Details on much of this can be obtained via the Free GIS web site (URL 4).
In 2000 there were numerous data mining systems (DMS) that had developed largely
unconnected to GIS research. These offered:
• most multivariate statistical methods including linear and logistic regression;
• various classification and modelling tools, such as decision trees, rule
induction methods, neural networks, memory or case based reasoning and k-
means and other so called clustering methods; and,
• sequence discovery for finding patterns in time series data.
It had been shown that many of these methods (neural networks in particular) could
be usefully applied to geographical data (Openshaw and Openshaw, 1997; Openshaw
and Abrahart, 2000). However, GIS contained little or none of this functionality.
Despite their powerful flexible and user friendly toolkits, even the most advanced
DMS had no mechanism for handling location or spatial aggregation or for coping
with spatial entities or spatial concepts such as a region or circle or distance or map
topology. Though the need to support so-called non-standard data types including
multi-media data, images, audio and so forth which contain special patterns had been
recognised, (Goebel and Gruenwald, 1999).

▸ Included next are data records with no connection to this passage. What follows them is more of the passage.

lemma far_from_other_cells:
  assumes k0: "k0 \<in> {1..K^d}" and k: "k \<in> {1..K^d}" "k \<noteq> k0"
    and inside: "\<forall>j\<in>{1..d}. lo k0 j + \<delta> \<le> x j \<and> x j + \<delta> \<le> lo k0 j + width"
  shows "\<not> (\<forall>j\<in>{1..d}. lo k j - \<delta> / 2 < x j \<and> x j < hi k j + \<delta> / 2)"
proof
  assume near: "\<forall>j\<in>{1..d}. lo k j - \<delta> / 2 < x j \<and> x j < hi k j + \<delta> / 2"
  have "cell k j = cell k0 j" if j: "j \<in> {1..d}" for j
  proof (rule ccontr)
    have x: "lo k0 j + \<delta> \<le> x j" "x j + \<delta> \<le> lo k0 j + width"
      using inside j by auto
    assume "cell k j \<noteq> cell k0 j"
    then consider "real (cell k j) + 1 \<le> real (cell k0 j)"
      | "real (cell k0 j) + 1 \<le> real (cell k j)"
      by linarith
    then have "hi k j + \<delta> \<le> x j \<or> x j + \<delta> \<le> lo k j"
    proof cases
      case 1
      then have "(real (cell k j) + 1) * width \<le> real (cell k0 j) * width"
        using width_pos by (intro mult_right_mono) auto
      then show ?thesis
        using x j margin_bounds by (auto simp: hi_def lo_def algebra_simps)
    next
      case 2
      then have "(real (cell k0 j) + 1) * width \<le> real (cell k j) * width"
        using width_pos by (intro mult_right_mono) auto
      then show ?thesis
        using x j by (auto simp: lo_def algebra_simps)
    qed
    then show False
      using near j delta_pos by force
  qed
  then show False
    using cell_eqI[OF k(1) k0] k(2) by blast
qed

lemma card_near_cells:
  assumes "\<delta> \<le> width"
  shows "card {k \<in> {1..K^d}. \<forall>j\<in>{1..d}. lo k j - \<delta> / 2 < x j \<and> x j < hi k j + \<delta> / 2} \<le> 3 ^ d"
proof -
  let ?near = "{k \<in> {1..K^d}. \<forall>j\<in>{1..d}. lo k j - \<delta> / 2 < x j \<and> x j < hi k j + \<delta> / 2}"
  define T where
    "T j = {i::nat. (x j - a j) / width - 3/2 < real i \<and> real i < (x j - a j) / width + 1/2}" for j
  have "cell ` ?near \<subseteq> PiE {1..d} T"
  proof
    fix p
    assume "p \<in> cell ` ?near"
    then obtain k where k: "k \<in> ?near" and p: "p = cell k"
      by blast
    have "cell k j \<in> T j" if j: "j \<in> {1..d}" for j
    proof -
      have "lo k j - \<delta> / 2 < x j" "x j < hi k j + \<delta> / 2"
        using k j by auto
      then have "a j + real (cell k j) * width - width / 2 < x j"
        "x j < a j + real (cell k j) * width + 3 / 2 * width"
        using j assms margin_bounds by (auto simp: lo_def hi_def)
      then show ?thesis
        using width_pos by (simp add: T_def field_simps)
    qed
    moreover have "cell k \<in> extensional {1..d}"
      using bij_betwE[OF cell_bij] k by (auto simp: PiE_iff)
    ultimately show "p \<in> PiE {1..d} T"
      using p by (simp add: PiE_iff)
  qed
  have "inj_on cell ?near"
    using bij_betw_imp_inj_on[OF cell_bij] by (rule inj_on_subset) auto
  then have "card ?near = card (cell ` ?near)"
    by (simp add: card_image)
  also have "\<dots> \<le> card (PiE {1..d} T)"
    using \<open>cell ` ?near \<subseteq> PiE {1..d} T\<close>
    by (rule card_mono[rotated]) (simp add: T_def finite_PiE finite_nats_near)
  also have "\<dots> \<le> 3 ^ d"
    unfolding card_PiE[OF finite_atLeastAtMost]
    using prod_le_power[of "{1..d}" "\<lambda>j. card (T j)" 3] card_nats_near_le_3 by (simp add: T_def)
  finally show ?thesis .
qed

end

lemma abs_le_supnorm_d:
  assumes "bdd_above ((\<lambda>x. \<bar>m x\<bar>) ` Rd d)" and "y \<in> Rd d"
  shows "\<bar>m y\<bar> \<le> supnorm_d d m"
  unfolding supnorm_d_def using assms by (rule cSUP_upper[rotated])

lemma Lipschitz_const_nonneg:
  assumes "1 \<le> d" and "\<forall>x\<in>Rd d. \<forall>y\<in>Rd d. \<bar>m x - m y\<bar> \<le> C * dist_d d x y"
  shows "0 \<le> C"
proof -
  define e :: "nat \<Rightarrow> real" where "e j = (if j = 1 then 1 else 0)" for j
  have "e \<in> Rd d" "(\<lambda>_. 0) \<in> Rd d"
    using assms(1) by (auto simp: Rd_def e_def)
  then have "0 \<le> C * dist_d d e (\<lambda>_. 0)"
    using assms(2) by (meson abs_ge_zero order_trans)
  moreover have "1 \<le> dist_d d e (\<lambda>_. 0)"
    using member_le_L2_set[of "{1..d}" 1 "\<lambda>j. e j - 0"] assms(1) by (simp add: dist_d_def e_def)
  ultimately show ?thesis
    by (simp add: zero_le_mult_iff)
qed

There was (and arguably still is) a considerable amount of hype about the capabilities
and functionality of DMS. Vendors argue that no credible evaluation of their
software can be performed by evaluators that have not undertaken (often expensive)
training courses. Furthermore the systems were (and many still are) tuned to work on
very specific hardware with specially configured operating systems underlying them.
Goebel and Gruenwald (1999) offered an intelligible survey of data mining and
knowledge discovery software tools and noted the need for seamless integration with
databases so that algorithms are scalable and do not rely on having all data in fast
access memory. It was observed that many systems relied on querying an underlying
database (whose data is stored in large but slow memory banks) and holding the
resulting data from the query in the fast access memory banks (RAM, real memory or
“database engine”) in order to run many of the data mining methods. This often
meant that the methods worked poorly with large volumes of data and were not really
as scaleable as data mining often demands.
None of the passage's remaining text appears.